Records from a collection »

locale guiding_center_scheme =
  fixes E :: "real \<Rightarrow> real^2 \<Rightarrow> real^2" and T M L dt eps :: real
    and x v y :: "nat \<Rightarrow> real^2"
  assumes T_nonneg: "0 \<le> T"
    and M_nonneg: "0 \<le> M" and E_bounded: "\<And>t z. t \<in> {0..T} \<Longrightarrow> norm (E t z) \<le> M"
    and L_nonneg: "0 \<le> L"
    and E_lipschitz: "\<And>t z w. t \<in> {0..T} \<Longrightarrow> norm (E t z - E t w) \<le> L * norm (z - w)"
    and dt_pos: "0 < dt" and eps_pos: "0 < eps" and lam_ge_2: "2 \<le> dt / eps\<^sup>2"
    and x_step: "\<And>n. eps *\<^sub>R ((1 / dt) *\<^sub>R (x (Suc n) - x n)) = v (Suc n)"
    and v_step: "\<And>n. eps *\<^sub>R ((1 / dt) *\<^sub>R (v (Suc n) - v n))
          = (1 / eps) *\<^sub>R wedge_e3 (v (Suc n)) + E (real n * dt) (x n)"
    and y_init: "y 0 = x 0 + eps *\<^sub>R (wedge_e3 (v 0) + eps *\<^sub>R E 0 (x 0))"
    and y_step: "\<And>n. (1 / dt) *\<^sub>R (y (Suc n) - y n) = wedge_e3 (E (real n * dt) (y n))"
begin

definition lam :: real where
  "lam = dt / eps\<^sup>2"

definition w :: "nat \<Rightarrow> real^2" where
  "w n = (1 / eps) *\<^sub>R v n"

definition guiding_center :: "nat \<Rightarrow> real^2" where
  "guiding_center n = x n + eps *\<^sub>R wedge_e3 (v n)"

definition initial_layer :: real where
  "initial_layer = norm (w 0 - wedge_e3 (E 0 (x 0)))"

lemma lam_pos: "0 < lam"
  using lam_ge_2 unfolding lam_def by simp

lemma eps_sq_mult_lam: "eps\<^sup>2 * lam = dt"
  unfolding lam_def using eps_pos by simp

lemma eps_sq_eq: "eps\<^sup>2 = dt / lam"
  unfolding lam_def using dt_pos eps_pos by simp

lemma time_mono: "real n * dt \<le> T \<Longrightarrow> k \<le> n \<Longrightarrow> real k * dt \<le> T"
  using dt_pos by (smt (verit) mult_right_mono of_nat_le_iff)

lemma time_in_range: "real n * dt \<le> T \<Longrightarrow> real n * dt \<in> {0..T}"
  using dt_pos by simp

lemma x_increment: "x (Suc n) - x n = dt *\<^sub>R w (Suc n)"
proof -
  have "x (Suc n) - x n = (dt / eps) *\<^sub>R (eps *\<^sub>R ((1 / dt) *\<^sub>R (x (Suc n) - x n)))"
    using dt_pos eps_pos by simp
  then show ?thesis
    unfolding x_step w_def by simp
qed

WHAT TO DO »
Find all lines in the records that hold the word "using". Copy them.

SOLUTION »
  using lam_ge_2 unfolding lam_def by simp
  unfolding lam_def using eps_pos by simp
  unfolding lam_def using dt_pos eps_pos by simp
  using dt_pos by (smt (verit) mult_right_mono of_nat_le_iff)
  using dt_pos by simp
    using dt_pos eps_pos by simp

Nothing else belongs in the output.